I would think that you could get away with a wooden pestle, but the mortar would probably need to be stone. I think wood would absorb too many flavored from the spices being ground. Just my thoughts.


----------



## michael dee (Apr 8, 2015)

El Guapo said:


> I would think that you could get away with a wooden pestle, but the mortar would probably need to be stone. I think wood would absorb too many flavored from the spices being ground. Just my thoughts.

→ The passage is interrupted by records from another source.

lemma slice_right_in_bidual:
  fixes u :: "'s tens"
  assumes u: "u \<in> ptensor"
  shows "slice_right u \<in> bidual"
  unfolding slice_right_def[abs_def]
proof (rule ptensor_pairing_in_bidual[OF u product_in_bbil[OF augm_in_linf]])
  show "cmod (x augm * y f) \<le> supnorm f * bnorm x * bnorm y"
    if "f \<in> linf" "x \<in> bidual" "y \<in> bidual" for f :: "'s linf" and x y :: "'s bid"
    using norm_product_le[OF that(2,3) augm_in_linf that(1)] by (simp add: supnorm_augm)
qed (simp_all add: bidual_add bidual_scale algebra_simps)

lemma slice_left_comp_mult:
  fixes u :: "('s::semigroup_mult) tens"
  assumes u: "u \<in> ptensor" and comm: "tlmod (dhat s) u = trmod u (dhat s)" and f: "f \<in> linf"
  shows "slice_left u (\<lambda>t. f (s * t)) = slice_left u f"
proof -
  have fs: "(\<lambda>t. f (s * t)) \<in> linf" by (rule linf_comp[OF f])
  have "slice_left u (\<lambda>t. f (s * t)) = u (\<lambda>x y. arens (dhat s) x f * y augm)"
    unfolding slice_left_def if_P[OF fs]
    by (rule ptensor_cong[OF u product_in_bbil[OF fs augm_in_linf], symmetric])
      (simp add: arens_dhat_left f)
  also have "\<dots> = tlmod (dhat s) u (\<lambda>x y. x f * y augm)"
    unfolding tlmod_def using product_in_bbil[OF f augm_in_linf] by simp
  also have "\<dots> = u (\<lambda>x y. x f * arens y (dhat s) augm)"
    unfolding comm trmod_def using product_in_bbil[OF f augm_in_linf] by simp
  also have "\<dots> = slice_left u f"
    unfolding slice_left_def if_P[OF f]
    by (rule ptensor_cong[OF u product_in_bbil[OF f augm_in_linf]])
      (simp add: arens_augm dhat_augm)
  finally show ?thesis .
qed

lemma slice_right_comp_mult:
  fixes u :: "('s::semigroup_mult) tens"
  assumes u: "u \<in> ptensor" and comm: "tlmod (dhat s) u = trmod u (dhat s)" and f: "f \<in> linf"
  shows "slice_right u (\<lambda>t. f (t * s)) = slice_right u f"
proof -
  have fs: "(\<lambda>t. f (t * s)) \<in> linf" by (rule linf_comp[OF f])
  have "slice_right u (\<lambda>t. f (t * s)) = u (\<lambda>x y. x augm * arens y (dhat s) f)"
    unfolding slice_right_def if_P[OF fs]
    by (rule ptensor_cong[OF u product_in_bbil[OF augm_in_linf fs], symmetric])
      (simp add: arens_dhat_right f)
  also have "\<dots> = tlmod (dhat s) u (\<lambda>x y. x augm * y f)"
    unfolding comm trmod_def using product_in_bbil[OF augm_in_linf f] by simp
  also have "\<dots> = u (\<lambda>x y. arens (dhat s) x augm * y f)"
    unfolding tlmod_def using product_in_bbil[OF augm_in_linf f] by simp
  also have "\<dots> = slice_right u f"
    unfolding slice_right_def if_P[OF f]
    by (rule ptensor_cong[OF u product_in_bbil[OF augm_in_linf f]])
      (simp add: arens_augm dhat_in_bidual dhat_augm)
  finally show ?thesis .
qed

lemma slice_left_augm:
  assumes u: "u \<in> ptensor"
  shows "slice_left u augm = tpi u augm"
  unfolding slice_left_def tpi_def if_P[OF augm_in_linf]
  by (rule ptensor_cong[OF u arens_in_bbil[OF augm_in_linf]]) (simp add: arens_augm)

lemma slice_right_augm:
  assumes u: "u \<in> ptensor"
  shows "slice_right u augm = tpi u augm"
  unfolding slice_right_def tpi_def if_P[OF augm_in_linf]
  by (rule ptensor_cong[OF u arens_in_bbil[OF augm_in_linf]]) (simp add: arens_augm)

lemma tpi_augm_neq_0:
  fixes u :: "('s::semigroup_mult) tens"
  assumes u: "u \<in> ptensor" and near: "bnorm (\<lambda>f. arens (tpi u) (dhat s) f - dhat s f) < 1"
  shows "tpi u augm \<noteq> 0"
proof -
  have "(\<lambda>f. arens (tpi u) (dhat s) f - dhat s f) \<in> bidual"
    by (intro bidual_diff arens_in_bidual tpi_in_bidual u dhat_in_bidual)
  then have "cmod (arens (tpi u) (dhat s) augm - dhat s augm) < 1"
    using norm_le_bnorm[OF _ augm_in_linf] near by (fastforce simp: supnorm_augm)
  moreover have "arens (tpi u) (dhat s) augm - dhat s augm = tpi u augm - 1"
    by (simp add: arens_augm tpi_in_bidual u dhat_augm)
  ultimately show ?thesis by auto
qed

section \<open>Invariant means from invariant functionals\<close>

definition real_bfun :: "('s \<Rightarrow> real) set" where
  "real_bfun = {g. \<exists>K. \<forall>s. \<bar>g s\<bar> \<le> K}"

lemma real_bfunI: "(\<And>s. \<bar>g s\<bar> \<le> K) \<Longrightarrow> g \<in> real_bfun"
  unfolding real_bfun_def by blast

lemma real_bfun_dominated:
  assumes "g \<in> real_bfun" "k \<in> real_bfun" and "\<And>s. \<bar>h s\<bar> \<le> \<bar>g s\<bar> + \<bar>k s\<bar>"
  shows "h \<in> real_bfun"
proof -
  obtain K L where "\<And>s. \<bar>g s\<bar> \<le> K" "\<And>s. \<bar>k s\<bar> \<le> L"
    using assms(1,2) unfolding real_bfun_def by blast
  with assms(3) show ?thesis by (intro real_bfunI[of _ "K + L"]) (meson add_mono order_trans)
qed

I agree totally with what you said about using the wood but she wants me to try it, so I am going to give it a run.


NYWoodturner said:


> Had to leave for work this morning and didn't have time to take pics of the one I was talking about. There was no finish on this - just a buff with white diamond. The lignum is naturally oily so it shined up really well on its own. If you can find I would highly recommend Lignum Vitae. I also think the olive Tom suggested would do well.
> 
> View attachment 76027
> View attachment 76028


That is very cool , if I can find some lignum I will give that a try.I guess I will post in "want to buy " section. Thanks for all your help and comments.


----------



## duncsuss (Apr 13, 2015)

I think wood is fine for both mortar and pestle. If you use a beechwood mallet on the butt-end of a wooden chisel handle, you're basically doing the same thing. (Put your finger in between if you'd like to know how the items being crushed are going to feel about it )

Also, butcher-blocks and meat-tenderizing mallets do fine. If the wood needs oiling, I'd suggest mineral oil (a.k.a. butcher block oil).

Reactions: Agree 1


----------